### [Task prompt]
In exact form, set down only those lines of the material that run from its first line to the line with "(* Let $\Gamma$", inclusive.

### [Data supplied]
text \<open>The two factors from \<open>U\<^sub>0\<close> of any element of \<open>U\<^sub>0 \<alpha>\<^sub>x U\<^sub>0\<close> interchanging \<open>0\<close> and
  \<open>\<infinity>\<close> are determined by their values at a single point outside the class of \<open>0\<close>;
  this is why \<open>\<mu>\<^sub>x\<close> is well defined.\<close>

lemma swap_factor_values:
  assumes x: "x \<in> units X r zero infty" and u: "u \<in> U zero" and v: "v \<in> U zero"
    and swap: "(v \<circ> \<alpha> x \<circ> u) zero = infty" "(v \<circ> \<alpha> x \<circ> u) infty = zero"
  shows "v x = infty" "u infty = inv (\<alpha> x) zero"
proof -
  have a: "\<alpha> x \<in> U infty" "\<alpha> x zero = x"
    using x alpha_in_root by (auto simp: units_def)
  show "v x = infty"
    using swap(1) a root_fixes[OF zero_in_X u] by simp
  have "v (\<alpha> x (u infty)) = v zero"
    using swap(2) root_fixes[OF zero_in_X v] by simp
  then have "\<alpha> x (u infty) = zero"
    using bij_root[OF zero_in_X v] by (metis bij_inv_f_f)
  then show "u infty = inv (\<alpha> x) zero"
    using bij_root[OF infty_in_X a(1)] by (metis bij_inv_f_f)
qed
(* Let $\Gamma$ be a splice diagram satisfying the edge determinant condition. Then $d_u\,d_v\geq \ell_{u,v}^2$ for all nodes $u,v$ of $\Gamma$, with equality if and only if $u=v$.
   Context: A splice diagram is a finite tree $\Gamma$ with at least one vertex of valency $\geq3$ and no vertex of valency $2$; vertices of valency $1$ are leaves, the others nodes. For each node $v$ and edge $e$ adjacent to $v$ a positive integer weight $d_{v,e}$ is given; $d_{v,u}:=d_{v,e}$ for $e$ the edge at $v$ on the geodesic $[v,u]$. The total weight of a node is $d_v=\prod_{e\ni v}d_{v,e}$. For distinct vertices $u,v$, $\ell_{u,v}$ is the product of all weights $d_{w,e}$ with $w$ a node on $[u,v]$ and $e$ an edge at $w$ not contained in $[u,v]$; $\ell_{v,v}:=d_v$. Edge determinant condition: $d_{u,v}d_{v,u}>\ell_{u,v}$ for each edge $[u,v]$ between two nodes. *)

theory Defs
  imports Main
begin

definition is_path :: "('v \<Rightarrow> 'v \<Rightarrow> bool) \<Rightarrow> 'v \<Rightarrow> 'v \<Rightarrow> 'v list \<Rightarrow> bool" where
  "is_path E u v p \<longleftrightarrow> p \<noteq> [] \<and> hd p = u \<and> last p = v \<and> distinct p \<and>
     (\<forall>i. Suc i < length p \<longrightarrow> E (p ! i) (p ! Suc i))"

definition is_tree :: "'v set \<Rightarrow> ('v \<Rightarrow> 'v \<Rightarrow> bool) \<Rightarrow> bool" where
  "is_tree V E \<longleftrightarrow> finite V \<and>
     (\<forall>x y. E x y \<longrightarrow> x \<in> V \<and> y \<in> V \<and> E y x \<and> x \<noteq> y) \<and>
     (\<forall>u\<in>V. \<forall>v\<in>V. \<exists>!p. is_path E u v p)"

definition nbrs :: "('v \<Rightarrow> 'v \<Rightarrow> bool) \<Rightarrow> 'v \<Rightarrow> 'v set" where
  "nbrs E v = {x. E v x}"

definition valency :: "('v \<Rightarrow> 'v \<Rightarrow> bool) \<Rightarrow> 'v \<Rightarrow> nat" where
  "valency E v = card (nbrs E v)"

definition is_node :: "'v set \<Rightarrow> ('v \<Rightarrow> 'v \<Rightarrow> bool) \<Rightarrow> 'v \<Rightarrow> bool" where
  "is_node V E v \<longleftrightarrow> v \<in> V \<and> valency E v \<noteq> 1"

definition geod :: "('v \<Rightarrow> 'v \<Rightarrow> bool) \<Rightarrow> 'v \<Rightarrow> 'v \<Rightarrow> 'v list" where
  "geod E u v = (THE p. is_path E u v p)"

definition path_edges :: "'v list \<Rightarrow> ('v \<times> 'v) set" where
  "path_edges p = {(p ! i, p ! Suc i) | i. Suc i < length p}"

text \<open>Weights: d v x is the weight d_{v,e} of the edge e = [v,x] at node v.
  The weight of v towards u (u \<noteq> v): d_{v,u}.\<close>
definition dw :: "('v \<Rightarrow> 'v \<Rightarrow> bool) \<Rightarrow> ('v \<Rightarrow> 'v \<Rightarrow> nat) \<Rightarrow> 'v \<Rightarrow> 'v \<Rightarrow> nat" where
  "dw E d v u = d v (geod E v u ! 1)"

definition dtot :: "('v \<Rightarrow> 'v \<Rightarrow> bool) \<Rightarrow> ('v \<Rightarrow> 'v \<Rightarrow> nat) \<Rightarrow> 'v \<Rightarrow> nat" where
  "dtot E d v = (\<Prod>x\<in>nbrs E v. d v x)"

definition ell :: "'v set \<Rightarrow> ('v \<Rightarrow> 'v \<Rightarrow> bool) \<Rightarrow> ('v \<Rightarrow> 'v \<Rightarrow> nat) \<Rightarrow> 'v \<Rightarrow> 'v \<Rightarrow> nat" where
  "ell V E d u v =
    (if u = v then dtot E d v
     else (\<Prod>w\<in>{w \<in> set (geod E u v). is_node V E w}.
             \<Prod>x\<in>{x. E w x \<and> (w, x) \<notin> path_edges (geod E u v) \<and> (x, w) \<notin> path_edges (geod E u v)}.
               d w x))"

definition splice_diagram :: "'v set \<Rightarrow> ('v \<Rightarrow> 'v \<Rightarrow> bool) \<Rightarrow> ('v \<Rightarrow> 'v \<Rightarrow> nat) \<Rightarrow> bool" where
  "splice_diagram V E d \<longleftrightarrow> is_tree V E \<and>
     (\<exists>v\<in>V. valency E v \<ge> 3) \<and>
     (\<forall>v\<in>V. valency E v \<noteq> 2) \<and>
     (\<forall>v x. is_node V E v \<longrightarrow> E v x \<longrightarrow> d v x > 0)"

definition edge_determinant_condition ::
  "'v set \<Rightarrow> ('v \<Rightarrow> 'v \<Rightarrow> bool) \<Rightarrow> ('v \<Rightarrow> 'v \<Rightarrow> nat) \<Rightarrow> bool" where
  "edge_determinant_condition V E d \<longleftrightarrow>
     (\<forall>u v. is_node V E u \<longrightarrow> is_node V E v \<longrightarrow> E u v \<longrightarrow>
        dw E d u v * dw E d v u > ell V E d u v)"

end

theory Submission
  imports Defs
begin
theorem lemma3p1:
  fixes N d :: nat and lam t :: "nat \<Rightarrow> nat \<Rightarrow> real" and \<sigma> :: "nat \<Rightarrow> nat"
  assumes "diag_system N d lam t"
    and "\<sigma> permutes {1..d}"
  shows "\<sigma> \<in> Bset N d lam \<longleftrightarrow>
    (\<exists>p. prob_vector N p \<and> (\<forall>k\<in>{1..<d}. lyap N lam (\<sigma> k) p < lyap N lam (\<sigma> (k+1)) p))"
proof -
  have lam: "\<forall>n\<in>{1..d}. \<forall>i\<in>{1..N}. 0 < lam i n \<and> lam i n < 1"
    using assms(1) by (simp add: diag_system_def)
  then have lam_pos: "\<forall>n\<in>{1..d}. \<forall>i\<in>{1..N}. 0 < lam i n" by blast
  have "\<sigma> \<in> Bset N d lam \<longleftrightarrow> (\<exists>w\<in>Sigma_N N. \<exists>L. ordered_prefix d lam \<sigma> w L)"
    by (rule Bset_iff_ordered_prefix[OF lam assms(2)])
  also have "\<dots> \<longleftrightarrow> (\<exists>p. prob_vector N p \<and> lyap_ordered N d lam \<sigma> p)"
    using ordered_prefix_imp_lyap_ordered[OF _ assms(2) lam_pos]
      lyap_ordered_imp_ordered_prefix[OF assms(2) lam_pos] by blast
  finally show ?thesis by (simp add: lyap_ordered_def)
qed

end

### [Response area]
text \<open>The two factors from \<open>U\<^sub>0\<close> of any element of \<open>U\<^sub>0 \<alpha>\<^sub>x U\<^sub>0\<close> interchanging \<open>0\<close> and
  \<open>\<infinity>\<close> are determined by their values at a single point outside the class of \<open>0\<close>;
  this is why \<open>\<mu>\<^sub>x\<close> is well defined.\<close>

lemma swap_factor_values:
  assumes x: "x \<in> units X r zero infty" and u: "u \<in> U zero" and v: "v \<in> U zero"
    and swap: "(v \<circ> \<alpha> x \<circ> u) zero = infty" "(v \<circ> \<alpha> x \<circ> u) infty = zero"
  shows "v x = infty" "u infty = inv (\<alpha> x) zero"
proof -
  have a: "\<alpha> x \<in> U infty" "\<alpha> x zero = x"
    using x alpha_in_root by (auto simp: units_def)
  show "v x = infty"
    using swap(1) a root_fixes[OF zero_in_X u] by simp
  have "v (\<alpha> x (u infty)) = v zero"
    using swap(2) root_fixes[OF zero_in_X v] by simp
  then have "\<alpha> x (u infty) = zero"
    using bij_root[OF zero_in_X v] by (metis bij_inv_f_f)
  then show "u infty = inv (\<alpha> x) zero"
    using bij_root[OF infty_in_X a(1)] by (metis bij_inv_f_f)
qed
(* Let $\Gamma$ be a splice diagram satisfying the edge determinant condition. Then $d_u\,d_v\geq \ell_{u,v}^2$ for all nodes $u,v$ of $\Gamma$, with equality if and only if $u=v$.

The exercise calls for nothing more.